2.2 C3_REPVGGOREPA的神经网络模块代码解析

C3_REPVGGOREPA 它继承自另一个类 C2f。以下是对该代码的详细解析:

1. 类的定义与继承

class C3_REPVGGOREPA(C3):
  • C3_REPVGGOREPA 继承自 C3 类,这意味着 C3_REPVGGOREPA 将拥有 C3 的所有属性和方法,但可以重写或扩展这些属性和方法。

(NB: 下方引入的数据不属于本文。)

text \<open>Call a point x avoiding up to time t if its orbit misses A at every index k with
  S_k \<phi> x \<le> t; this is exactly N_A x \<ge> N_t^\<phi> x. A point (x, s) of the phase space survives
  up to time t iff x avoids up to time s + t. Since 0 \<le> s < \<phi> x \<le> C, the survivors are
  squeezed between the cylinders over the points avoiding up to times t + C and t, and a
  cylinder over E has \<mu>-bar measure between c \<mu>(E) and C \<mu>(E). Constant factors and a bounded
  time shift do not change an exponential decay rate.\<close>

lemma tendsto_inverse_scaled_at_top: "((\<lambda>t::real. K / t) \<longlongrightarrow> 0) at_top"
  by (rule tendsto_divide_0[OF tendsto_const filterlim_at_top_imp_at_infinity[OF filterlim_ident]])

lemma tendsto_log_decay_shift:
  fixes f :: "real \<Rightarrow> real"
  assumes lim: "((\<lambda>t. - (1/t) * ln (f t)) \<longlongrightarrow> \<rho>) at_top"
    and pos: "eventually (\<lambda>t. 0 < f t) at_top" and b: "0 < b"
  shows "((\<lambda>t. - (1/t) * ln (b * f (t - D))) \<longlongrightarrow> \<rho>) at_top"
proof -
  have shift: "filterlim (\<lambda>t. t - D) at_top at_top"
    using filterlim_tendsto_add_at_top[OF tendsto_const filterlim_ident, of "- D"] by simp
  have "((\<lambda>t. - ln b / t + (1 - D / t) * (- (1/(t - D)) * ln (f (t - D))))
      \<longlongrightarrow> 0 + (1 - 0) * \<rho>) at_top"
    by (intro tendsto_intros tendsto_inverse_scaled_at_top filterlim_compose[OF lim shift])
  moreover have "eventually (\<lambda>t. - ln b / t + (1 - D / t) * (- (1/(t - D)) * ln (f (t - D)))
      = - (1/t) * ln (b * f (t - D))) at_top"
    using eventually_gt_at_top[of D] eventually_gt_at_top[of 0]
      eventually_compose_filterlim[OF pos shift]
    by eventually_elim (use b in \<open>simp add: ln_mult field_simps\<close>)
  ultimately show ?thesis
    by (simp add: tendsto_cong)
qed

lemma tendsto_log_decay_sandwich:
  fixes f u :: "real \<Rightarrow> real"
  assumes lim: "((\<lambda>t. - (1/t) * ln (f t)) \<longlongrightarrow> \<rho>) at_top"
    and nonneg: "\<And>t. 0 \<le> t \<Longrightarrow> 0 \<le> f t"
    and antimono: "\<And>t t'. 0 \<le> t \<Longrightarrow> t \<le> t' \<Longrightarrow> f t' \<le> f t"
    and bounds: "eventually (\<lambda>t. a * f t \<le> u t \<and> u t \<le> b * f (t - D)) at_top"
    and a: "0 < a" and b: "0 < b"
  shows "((\<lambda>t. - (1/t) * ln (u t)) \<longlongrightarrow> \<rho>) at_top"
proof (cases "\<forall>t\<ge>0. 0 < f t")
  case True
  have pos: "eventually (\<lambda>t. 0 < f t) at_top"
    using eventually_ge_at_top[of 0] by eventually_elim (use True in simp)
  show ?thesis
  proof (rule tendsto_sandwich[OF _ _ tendsto_log_decay_shift[OF lim pos b]
        tendsto_log_decay_shift[OF lim pos a, where D = 0]])
    show "eventually (\<lambda>t. - (1/t) * ln (b * f (t - D)) \<le> - (1/t) * ln (u t)) at_top"
      using bounds eventually_gt_at_top[of 0] eventually_ge_at_top[of D]
    proof eventually_elim
      case (elim t)
      then have "0 < u t" using True a by (smt (verit) mult_pos_pos)
      then show ?case using elim by (simp add: divide_simps)
    qed
    show "eventually (\<lambda>t. - (1/t) * ln (u t) \<le> - (1/t) * ln (a * f (t - 0))) at_top"
      using bounds eventually_gt_at_top[of 0]
    proof eventually_elim
      case (elim t)
      then have "0 < a * f t" using True a by simp
      then show ?case using elim by (simp add: divide_simps)
    qed
  qed
next
  case False
  \<comment> \<open>Then f vanishes eventually; as ln 0 = 0, both \<rho> and the rate of u are 0.\<close>
  then obtain t0 where t0: "0 \<le> t0" "f t0 = 0" using nonneg by force
  have vanish: "f t = 0" if "t0 \<le> t" for t
    using antimono[OF t0(1) that] nonneg[of t] t0 that by simp
  have "eventually (\<lambda>t. - (1/t) * ln (f t) = 0) at_top"
    using eventually_ge_at_top[of t0] by eventually_elim (simp add: vanish)
  then have "((\<lambda>t. - (1/t) * ln (f t)) \<longlongrightarrow> 0) at_top"
    by (rule tendsto_eventually)
  then have "\<rho> = 0" using lim by (rule tendsto_unique[OF trivial_limit_at_top_linorder, symmetric])
  moreover have "eventually (\<lambda>t. - (1/t) * ln (u t) = 0) at_top"
    using bounds eventually_ge_at_top[of "t0 + D"] eventually_ge_at_top[of t0]
    by eventually_elim (use a b in \<open>auto simp: vanish\<close>)
  ultimately show ?thesis
    by (simp add: tendsto_eventually)
qed

lemma birk_sum_0 [simp]: "birk_sum \<theta> \<phi> 0 x = 0"
  by (simp add: birk_sum_def)

lemma birk_sum_Suc: "birk_sum \<theta> \<phi> (Suc n) x = birk_sum \<theta> \<phi> n x + \<phi> ((\<theta> ^^ n) x)"
  by (simp add: birk_sum_def)

lemma enat_le_N_hit_iff: "enat m \<le> N_hit \<theta> A x \<longleftrightarrow> (\<forall>k<m. (\<theta> ^^ k) x \<notin> A)"
proof (cases "\<exists>n. (\<theta> ^^ n) x \<in> A")
  case True
  define L where "L = (LEAST n. (\<theta> ^^ n) x \<in> A)"
  have "(\<theta> ^^ L) x \<in> A" and "\<And>k. k < L \<Longrightarrow> (\<theta> ^^ k) x \<notin> A"
    unfolding L_def by (auto intro: LeastI_ex[OF True] dest: not_less_Least)
  moreover have "N_hit \<theta> A x = enat L"
    using True by (simp add: N_hit_def L_def)
  ultimately show ?thesis
    by (auto simp: not_less[symmetric])
next
  case False
  then show ?thesis by (simp add: N_hit_def)
qed

definition avoids_upto :: "('a \<Rightarrow> 'a) \<Rightarrow> ('a \<Rightarrow> real) \<Rightarrow> 'a set \<Rightarrow> real \<Rightarrow> 'a \<Rightarrow> bool" where
  "avoids_upto \<theta> \<phi> A t x \<longleftrightarrow> (\<forall>k. birk_sum \<theta> \<phi> k x \<le> t \<longrightarrow> (\<theta> ^^ k) x \<notin> A)"

lemma avoids_upto_antimono: "t \<le> t' \<Longrightarrow> avoids_upto \<theta> \<phi> A t' x \<Longrightarrow> avoids_upto \<theta> \<phi> A t x"
  by (auto simp: avoids_upto_def)

lemma survivors_antimono: "t \<le> t' \<Longrightarrow> survivors M \<theta> \<phi> A t' \<subseteq> survivors M \<theta> \<phi> A t"
  by (auto simp: survivors_def)

locale positive_ceiling =
  fixes M :: "'a measure" and \<theta> :: "'a \<Rightarrow> 'a" and \<phi> :: "'a \<Rightarrow> real" and c :: real
  assumes into_space: "\<And>x. x \<in> space M \<Longrightarrow> \<theta> x \<in> space M"
    and c_pos: "0 < c"
    and ceiling_ge: "\<And>x. x \<in> space M \<Longrightarrow> c \<le> \<phi> x"
begin

lemma funpow_in_space: "x \<in> space M \<Longrightarrow> (\<theta> ^^ k) x \<in> space M"
  by (induction k) (auto intro: into_space)

lemma ceiling_funpow_pos: "x \<in> space M \<Longrightarrow> 0 < \<phi> ((\<theta> ^^ k) x)"
  using ceiling_ge[OF funpow_in_space] c_pos by (meson less_le_trans)

lemma birk_sum_less_Suc: "x \<in> space M \<Longrightarrow> birk_sum \<theta> \<phi> k x < birk_sum \<theta> \<phi> (Suc k) x"
  by (simp add: birk_sum_Suc ceiling_funpow_pos)

lemma birk_sum_mono: "x \<in> space M \<Longrightarrow> m \<le> n \<Longrightarrow> birk_sum \<theta> \<phi> m x \<le> birk_sum \<theta> \<phi> n x"
  unfolding birk_sum_def by (rule sum_mono2) (auto intro: less_imp_le ceiling_funpow_pos)

lemma birk_sum_ge: "x \<in> space M \<Longrightarrow> real n * c \<le> birk_sum \<theta> \<phi> n x"
  using sum_mono[of "{..<n}" "\<lambda>_. c" "\<lambda>k. \<phi> ((\<theta> ^^ k) x)"] ceiling_ge[OF funpow_in_space]
  by (simp add: birk_sum_def)

lemma N_ceil_exceeds: "x \<in> space M \<Longrightarrow> t < birk_sum \<theta> \<phi> (N_ceil \<theta> \<phi> t x) x"
proof -
  assume x: "x \<in> space M"
  obtain n where "t / c < real n" using reals_Archimedean2 by blast
  then have "t < birk_sum \<theta> \<phi> n x"
    using birk_sum_ge[OF x, of n] c_pos by (simp add: pos_divide_less_eq)
  then show ?thesis unfolding N_ceil_def by (rule LeastI)
qed

lemma less_N_ceil_iff: "x \<in> space M \<Longrightarrow> k < N_ceil \<theta> \<phi> t x \<longleftrightarrow> birk_sum \<theta> \<phi> k x \<le> t"
  using N_ceil_exceeds[of x t] birk_sum_mono[of x "N_ceil \<theta> \<phi> t x" k] not_less_Least[of k]
  by (force simp: N_ceil_def)

lemma N_ceil_eqI:
  "x \<in> space M \<Longrightarrow> birk_sum \<theta> \<phi> k x \<le> t \<Longrightarrow> t < birk_sum \<theta> \<phi> (Suc k) x \<Longrightarrow> N_ceil \<theta> \<phi> t x = Suc k"
  using less_N_ceil_iff[of x k t] less_N_ceil_iff[of x "Suc k" t] by simp

lemma enat_N_ceil_le_N_hit_iff:
  "x \<in> space M \<Longrightarrow> enat (N_ceil \<theta> \<phi> t x) \<le> N_hit \<theta> A x \<longleftrightarrow> avoids_upto \<theta> \<phi> A t x"
  by (simp add: enat_le_N_hit_iff less_N_ceil_iff avoids_upto_def)

lemma fst_special_flow:
  assumes x: "x \<in> space M" and s: "0 \<le> s" "s < \<phi> x" and \<tau>: "0 \<le> \<tau>"
  shows "fst (special_flow \<theta> \<phi> \<tau> (x, s)) = (\<theta> ^^ (N_ceil \<theta> \<phi> (s + \<tau>) x - 1)) x"
proof (cases "\<tau> < \<phi> x - s")
  case True
  then have "N_ceil \<theta> \<phi> (s + \<tau>) x = Suc 0"
    using s \<tau> by (intro N_ceil_eqI[OF x]) (auto simp: birk_sum_Suc)
  then show ?thesis using True by (simp add: special_flow_def)
next
  case False
  then show ?thesis by (simp add: special_flow_def Let_def)
qed

text \<open>The return with index k is visited at flow time S_k - s, so survival up to time t
  means avoiding A at every return with Birkhoff time at most s + t.\<close>
lemma survivor_avoids_upto:
  assumes surv: "(x, s) \<in> survivors M \<theta> \<phi> A t" and t: "0 \<le> t"
  shows "avoids_upto \<theta> \<phi> A (s + t) x"
  unfolding avoids_upto_def
proof (intro allI impI)
  fix k assume k: "birk_sum \<theta> \<phi> k x \<le> s + t"
  have x: "x \<in> space M" and s: "0 \<le> s" "s < \<phi> x"
    using surv by (auto simp: survivors_def flow_space_def)
  define \<tau> where "\<tau> = max s (birk_sum \<theta> \<phi> k x) - s"
  have "s < birk_sum \<theta> \<phi> (Suc k) x"
    using s birk_sum_mono[OF x, of 1 "Suc k"] by (simp add: birk_sum_Suc)
  then have "N_ceil \<theta> \<phi> (s + \<tau>) x = Suc k"
    using birk_sum_less_Suc[OF x, of k] by (intro N_ceil_eqI[OF x]) (auto simp: \<tau>_def)
  then have "fst (special_flow \<theta> \<phi> \<tau> (x, s)) = (\<theta> ^^ k) x"
    using fst_special_flow[OF x s, of \<tau>] by (simp add: \<tau>_def)
  moreover have "\<tau> \<in> {0..t}" using k t by (auto simp: \<tau>_def)
  then have "fst (special_flow \<theta> \<phi> \<tau> (x, s)) \<notin> A"
    using surv unfolding survivors_def by blast
  ultimately show "(\<theta> ^^ k) x \<notin> A"
    by simp
qed

lemma avoids_upto_survivor:
  assumes xs: "(x, s) \<in> flow_space M \<phi>" and avoid: "avoids_upto \<theta> \<phi> A (s + t) x"
  shows "(x, s) \<in> survivors M \<theta> \<phi> A t"
  unfolding survivors_def
proof (intro CollectI conjI ballI xs)
  fix \<tau> assume \<tau>: "\<tau> \<in> {0..t}"
  have x: "x \<in> space M" and s: "0 \<le> s" "s < \<phi> x"
    using xs by (auto simp: flow_space_def)
  have "0 < N_ceil \<theta> \<phi> (s + \<tau>) x"
    using less_N_ceil_iff[OF x, of 0] s \<tau> by simp
  then have "birk_sum \<theta> \<phi> (N_ceil \<theta> \<phi> (s + \<tau>) x - 1) x \<le> s + t"
    using less_N_ceil_iff[OF x, of "N_ceil \<theta> \<phi> (s + \<tau>) x - 1" "s + \<tau>"] \<tau> by simp
  then show "fst (special_flow \<theta> \<phi> \<tau> (x, s)) \<notin> A"
    using avoid fst_special_flow[OF x s, of \<tau>] \<tau> by (simp add: avoids_upto_def)
qed

lemma survivors_eq:
  "0 \<le> t \<Longrightarrow> survivors M \<theta> \<phi> A t = {(x, s) \<in> flow_space M \<phi>. avoids_upto \<theta> \<phi> A (s + t) x}"
  using survivor_avoids_upto avoids_upto_survivor by (fastforce simp: survivors_def)

end

locale bounded_ceiling = finite_measure M
  for M :: "'a measure" and \<theta> :: "'a \<Rightarrow> 'a" and \<phi> :: "'a \<Rightarrow> real" and c C :: real and A :: "'a set" +
  assumes \<theta>_measurable: "\<theta> \<in> measurable M M"
    and \<phi>_measurable: "\<phi> \<in> borel_measurable M"
    and c_pos: "0 < c" and c_le_C: "c \<le> C"
    and ceiling_bounds: "\<And>x. x \<in> space M \<Longrightarrow> c \<le> \<phi> x \<and> \<phi> x \<le> C"
    and A_sets: "A \<in> sets M"
begin

sublocale positive_ceiling M \<theta> \<phi> c
  using \<theta>_measurable c_pos ceiling_bounds by unfold_locales (auto simp: measurable_space)

lemma funpow_measurable: "\<theta> ^^ k \<in> measurable M M"
  by (induction k) (auto intro: measurable_compose[OF _ \<theta>_measurable])

lemma birk_sum_measurable: "birk_sum \<theta> \<phi> k \<in> borel_measurable M"
  unfolding birk_sum_def[abs_def]
  by (intro borel_measurable_sum measurable_compose[OF funpow_measurable \<phi>_measurable])

lemmas [measurable] = funpow_measurable birk_sum_measurable \<phi>_measurable A_sets

lemma pred_avoids_upto: "Measurable.pred M (avoids_upto \<theta> \<phi> A t)"
  unfolding avoids_upto_def by measurable

lemma pred_avoids_upto_shifted:
  "Measurable.pred (M \<Otimes>\<^sub>M lborel) (\<lambda>p. avoids_upto \<theta> \<phi> A (snd p + t) (fst p))"
  unfolding avoids_upto_def by measurable

lemma flow_space_eq: "flow_space M \<phi> = {p \<in> space (M \<Otimes>\<^sub>M lborel). 0 \<le> snd p \<and> snd p < \<phi> (fst p)}"
  by (auto simp: flow_space_def space_pair_measure)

  • C3 是父类,它可能定义了一些基础的神经网络结构或功能。

2. 初始化方法

def __init__(self, c1, c2, n=1, shortcut=False, g=1, e=0.5):
    super().__init__(c1, c2, n, shortcut, g, e)
  • __init__ 是初始化方法,当创建 C3_REPVGGOREPA 类的实例时会自动调用。

  • c1c2 表示输入和输出的通道数,n 表示模块重复的次数,shortcut 是是否使用残差连接的标志,g 是组卷积的组数,e 可能表示扩展因子。

  • super().__init__(c1, c2, n, shortcut, g, e) 调用了父类 C3 的初始化方法,确保 C3_REPVGGOREPA 继承父类的初始化逻辑。

3. 模块列表

self.m = nn.ModuleList(Bottleneck_REPVGGOREPA(self.c, self.c, shortcut, g, k=(3, 3), e=1.0) for _ in range(n))
  • self.m 是一个 nn.ModuleList,用于存储一系列神经网络层或模块。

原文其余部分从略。